**Entries provided**:
=-=-=-=-=

lemma net_fun_cong:
  assumes "net_fun n m W d F" and FG: "\<And>x. length x = n \<Longrightarrow> F x = G x"
  shows "net_fun n m W d G"
  using assms(1)
proof cases
  case (output_layer A b)
  have "net_fun n m W 0 G"
    by (rule net_fun.output_layer[of n G m A b]) (use output_layer FG in auto)
  then show ?thesis using output_layer by simp
next
  case (hidden_layer w d' H A b)
  have "net_fun n m W (Suc d') G"
    by (rule net_fun.hidden_layer[of w W m d' H n G A b]) (use hidden_layer FG in auto)
  then show ?thesis using hidden_layer by simp
qed

lemma net_fun_mono: "net_fun n m W d F \<Longrightarrow> W \<le> W' \<Longrightarrow> net_fun n m W' d F"
  by (induction rule: net_fun.induct) (auto intro: net_fun.intros dest: order_trans)

lemma net_fun_weaken:
  "net_fun n m W d F \<Longrightarrow> m = m' \<Longrightarrow> W \<le> W' \<Longrightarrow> d = d' \<Longrightarrow> (\<And>x. length x = n \<Longrightarrow> F x = G x) \<Longrightarrow>
   net_fun n m' W' d' G"
  using net_fun_cong net_fun_mono by blast

lemma net_fun_affine_map: "net_fun n m W 0 (affine_map n m A b)"
  by (rule net_fun.output_layer) simp

lemma net_fun_hidden_affine:
  "w \<le> W \<Longrightarrow> net_fun w m W d G \<Longrightarrow> net_fun n m W (Suc d) (\<lambda>x. G (map relu (affine_map n w A b x)))"
  by (rule net_fun.hidden_layer) auto

lemma net_fun_post_affine:
  "net_fun n m W d F \<Longrightarrow> net_fun n p W d (\<lambda>x. affine_map m p C c (F x))"
  by (induction rule: net_fun.induct) (auto simp: affine_map_comp intro: net_fun.intros)

lemma net_fun_pre_affine:
  assumes "net_fun m p W d G"
  shows "net_fun n p W d (\<lambda>x. G (affine_map n m A b x))"
  using assms
proof cases
  case (output_layer C c)
  have "net_fun n p W 0 (\<lambda>x. G (affine_map n m A b x))"
    by (rule net_fun.output_layer[where A = "\<lambda>i j. \<Sum>k<m. C i k * A k j"
          and b = "\<lambda>i. (\<Sum>k<m. C i k * b k) + c i"])
       (simp add: output_layer affine_map_comp)
  then show ?thesis using output_layer by simp
next
  case (hidden_layer w d' H C c)
  have "net_fun n p W (Suc d') (\<lambda>x. G (affine_map n m A b x))"
    by (rule net_fun.hidden_layer[OF hidden_layer(2,3)]) (simp add: hidden_layer affine_map_comp)
  then show ?thesis using hidden_layer by simp
qed

lemma net_fun_comp:
  "net_fun n m W d1 F \<Longrightarrow> net_fun m p W d2 G \<Longrightarrow> net_fun n p W (d1 + d2) (\<lambda>x. G (F x))"
proof (induction arbitrary: G rule: net_fun.induct)
  case (output_layer n F m A b W)
  show ?case
    using net_fun_pre_affine[OF output_layer.prems, of n A b] by (rule net_fun_weaken) (simp_all add: output_layer.hyps)
next
  case (hidden_layer w W m d H n F A b)
  have "net_fun w p W (d + d2) (\<lambda>x. G (H x))"
    by (rule hidden_layer.IH[OF hidden_layer.prems])
  from net_fun.hidden_layer[OF hidden_layer.hyps(1) this, of n _ A b]
  show ?case by (simp add: hidden_layer.hyps(3))
qed

lemma net_fun_parallel:
  "net_fun n m1 W1 d F1 \<Longrightarrow> net_fun n m2 W2 d F2 \<Longrightarrow>
   net_fun n (m1 + m2) (W1 + W2) d (\<lambda>x. F1 x @ F2 x)"
proof (induction d arbitrary: n F1 F2)
  case 0
  from 0(1) obtain A1 b1 where F1: "\<And>x. length x = n \<Longrightarrow> F1 x = affine_map n m1 A1 b1 x"
    by (cases rule: net_fun.cases) auto
  from 0(2) obtain A2 b2 where F2: "\<And>x. length x = n \<Longrightarrow> F2 x = affine_map n m2 A2 b2 x"
    by (cases rule: net_fun.cases) auto
  show ?case by (rule net_fun.output_layer) (simp add: F1 F2 affine_map_append)
next
  case (Suc d)
  from Suc.prems(1) obtain w1 G1 A1 b1 where
    G1: "w1 \<le> W1" "net_fun w1 m1 W1 d G1"
    and F1: "\<And>x. length x = n \<Longrightarrow> F1 x = G1 (map relu (affine_map n w1 A1 b1 x))"
    by (cases rule: net_fun.cases) auto
  from Suc.prems(2) obtain w2 G2 A2 b2 where
    G2: "w2 \<le> W2" "net_fun w2 m2 W2 d G2"
    and F2: "\<And>x. length x = n \<Longrightarrow> F2 x = G2 (map relu (affine_map n w2 A2 b2 x))"
    by (cases rule: net_fun.cases) auto
  \<comment> \<open>the two hidden layers are stacked; each half of the next network reads its own block\<close>
  have "net_fun (w1 + w2) m1 W1 d (\<lambda>h. G1 (take w1 h))"
    using net_fun_pre_affine[OF G1(2)] by (rule net_fun_cong) (simp add: take_eq_affine_map)
  moreover have "net_fun (w1 + w2) m2 W2 d (\<lambda>h. G2 (drop w1 h))"
    using net_fun_pre_affine[OF G2(2)] by (rule net_fun_cong) (simp add: drop_eq_affine_map)
  ultimately have "net_fun (w1 + w2) (m1 + m2) (W1 + W2) d (\<lambda>h. G1 (take w1 h) @ G2 (drop w1 h))"
    by (rule Suc.IH)
  then show ?case
    using G1(1) G2(1)
    by (intro net_fun.hidden_layer[where A = "\<lambda>i. if i < w1 then A1 i else A2 (i - w1)"
          and b = "\<lambda>i. if i < w1 then b1 i else b2 (i - w1)"])
       (auto simp: F1 F2 affine_map_append[symmetric])
qed

lemma net_fun_one_layer:
  assumes "layer_dims T1 n w" "layer_dims T2 w m" "w \<le> W"
  shows "net_fun n m W (Suc 0) (\<lambda>x. affine T2 (map relu (affine T1 x)))"
proof (rule net_fun.hidden_layer[OF assms(3) net_fun.output_layer])
  fix x :: "real list"
  assume "length x = w"
  then show "affine T2 x = affine_map w m (\<lambda>i j. fst T2 ! i ! j) (\<lambda>i. snd T2 ! i) x"
    using affine_eq_affine_map[OF assms(2)] by simp
next
  fix x :: "real list"
  assume "length x = n"
  then show "affine T2 (map relu (affine T1 x)) =
      affine T2 (map relu (affine_map n w (\<lambda>i j. fst T1 ! i ! j) (\<lambda>i. snd T1 ! i) x))"
    using affine_eq_affine_map[OF assms(1)] by simp
qed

=-=-=-=-=

**What to produce**:
All the entries should be output exactly as given.

**Result**:
lemma net_fun_cong:
  assumes "net_fun n m W d F" and FG: "\<And>x. length x = n \<Longrightarrow> F x = G x"
  shows "net_fun n m W d G"
  using assms(1)
proof cases
  case (output_layer A b)
  have "net_fun n m W 0 G"
    by (rule net_fun.output_layer[of n G m A b]) (use output_layer FG in auto)
  then show ?thesis using output_layer by simp
next
  case (hidden_layer w d' H A b)
  have "net_fun n m W (Suc d') G"
    by (rule net_fun.hidden_layer[of w W m d' H n G A b]) (use hidden_layer FG in auto)
  then show ?thesis using hidden_layer by simp
qed

lemma net_fun_mono: "net_fun n m W d F \<Longrightarrow> W \<le> W' \<Longrightarrow> net_fun n m W' d F"
  by (induction rule: net_fun.induct) (auto intro: net_fun.intros dest: order_trans)

lemma net_fun_weaken:
  "net_fun n m W d F \<Longrightarrow> m = m' \<Longrightarrow> W \<le> W' \<Longrightarrow> d = d' \<Longrightarrow> (\<And>x. length x = n \<Longrightarrow> F x = G x) \<Longrightarrow>
   net_fun n m' W' d' G"
  using net_fun_cong net_fun_mono by blast

lemma net_fun_affine_map: "net_fun n m W 0 (affine_map n m A b)"
  by (rule net_fun.output_layer) simp

lemma net_fun_hidden_affine:
  "w \<le> W \<Longrightarrow> net_fun w m W d G \<Longrightarrow> net_fun n m W (Suc d) (\<lambda>x. G (map relu (affine_map n w A b x)))"
  by (rule net_fun.hidden_layer) auto

lemma net_fun_post_affine:
  "net_fun n m W d F \<Longrightarrow> net_fun n p W d (\<lambda>x. affine_map m p C c (F x))"
  by (induction rule: net_fun.induct) (auto simp: affine_map_comp intro: net_fun.intros)

lemma net_fun_pre_affine:
  assumes "net_fun m p W d G"
  shows "net_fun n p W d (\<lambda>x. G (affine_map n m A b x))"
  using assms
proof cases
  case (output_layer C c)
  have "net_fun n p W 0 (\<lambda>x. G (affine_map n m A b x))"
    by (rule net_fun.output_layer[where A = "\<lambda>i j. \<Sum>k<m. C i k * A k j"
          and b = "\<lambda>i. (\<Sum>k<m. C i k * b k) + c i"])
       (simp add: output_layer affine_map_comp)
  then show ?thesis using output_layer by simp
next
  case (hidden_layer w d' H C c)
  have "net_fun n p W (Suc d') (\<lambda>x. G (affine_map n m A b x))"
    by (rule net_fun.hidden_layer[OF hidden_layer(2,3)]) (simp add: hidden_layer affine_map_comp)
  then show ?thesis using hidden_layer by simp
qed

lemma net_fun_comp:
  "net_fun n m W d1 F \<Longrightarrow> net_fun m p W d2 G \<Longrightarrow> net_fun n p W (d1 + d2) (\<lambda>x. G (F x))"
proof (induction arbitrary: G rule: net_fun.induct)
  case (output_layer n F m A b W)
  show ?case
    using net_fun_pre_affine[OF output_layer.prems, of n A b] by (rule net_fun_weaken) (simp_all add: output_layer.hyps)
next
  case (hidden_layer w W m d H n F A b)
  have "net_fun w p W (d + d2) (\<lambda>x. G (H x))"
    by (rule hidden_layer.IH[OF hidden_layer.prems])
  from net_fun.hidden_layer[OF hidden_layer.hyps(1) this, of n _ A b]
  show ?case by (simp add: hidden_layer.hyps(3))
qed

lemma net_fun_parallel:
  "net_fun n m1 W1 d F1 \<Longrightarrow> net_fun n m2 W2 d F2 \<Longrightarrow>
   net_fun n (m1 + m2) (W1 + W2) d (\<lambda>x. F1 x @ F2 x)"
proof (induction d arbitrary: n F1 F2)
  case 0
  from 0(1) obtain A1 b1 where F1: "\<And>x. length x = n \<Longrightarrow> F1 x = affine_map n m1 A1 b1 x"
    by (cases rule: net_fun.cases) auto
  from 0(2) obtain A2 b2 where F2: "\<And>x. length x = n \<Longrightarrow> F2 x = affine_map n m2 A2 b2 x"
    by (cases rule: net_fun.cases) auto
  show ?case by (rule net_fun.output_layer) (simp add: F1 F2 affine_map_append)
next
  case (Suc d)
  from Suc.prems(1) obtain w1 G1 A1 b1 where
    G1: "w1 \<le> W1" "net_fun w1 m1 W1 d G1"
    and F1: "\<And>x. length x = n \<Longrightarrow> F1 x = G1 (map relu (affine_map n w1 A1 b1 x))"
    by (cases rule: net_fun.cases) auto
  from Suc.prems(2) obtain w2 G2 A2 b2 where
    G2: "w2 \<le> W2" "net_fun w2 m2 W2 d G2"
    and F2: "\<And>x. length x = n \<Longrightarrow> F2 x = G2 (map relu (affine_map n w2 A2 b2 x))"
    by (cases rule: net_fun.cases) auto
  \<comment> \<open>the two hidden layers are stacked; each half of the next network reads its own block\<close>
  have "net_fun (w1 + w2) m1 W1 d (\<lambda>h. G1 (take w1 h))"
    using net_fun_pre_affine[OF G1(2)] by (rule net_fun_cong) (simp add: take_eq_affine_map)
  moreover have "net_fun (w1 + w2) m2 W2 d (\<lambda>h. G2 (drop w1 h))"
    using net_fun_pre_affine[OF G2(2)] by (rule net_fun_cong) (simp add: drop_eq_affine_map)
  ultimately have "net_fun (w1 + w2) (m1 + m2) (W1 + W2) d (\<lambda>h. G1 (take w1 h) @ G2 (drop w1 h))"
    by (rule Suc.IH)
  then show ?case
    using G1(1) G2(1)
    by (intro net_fun.hidden_layer[where A = "\<lambda>i. if i < w1 then A1 i else A2 (i - w1)"
          and b = "\<lambda>i. if i < w1 then b1 i else b2 (i - w1)"])
       (auto simp: F1 F2 affine_map_append[symmetric])
qed

lemma net_fun_one_layer:
  assumes "layer_dims T1 n w" "layer_dims T2 w m" "w \<le> W"
  shows "net_fun n m W (Suc 0) (\<lambda>x. affine T2 (map relu (affine T1 x)))"
proof (rule net_fun.hidden_layer[OF assms(3) net_fun.output_layer])
  fix x :: "real list"
  assume "length x = w"
  then show "affine T2 x = affine_map w m (\<lambda>i j. fst T2 ! i ! j) (\<lambda>i. snd T2 ! i) x"
    using affine_eq_affine_map[OF assms(2)] by simp
next
  fix x :: "real list"
  assume "length x = n"
  then show "affine T2 (map relu (affine T1 x)) =
      affine T2 (map relu (affine_map n w (\<lambda>i j. fst T1 ! i ! j) (\<lambda>i. snd T1 ! i) x))"
    using affine_eq_affine_map[OF assms(1)] by simp
qed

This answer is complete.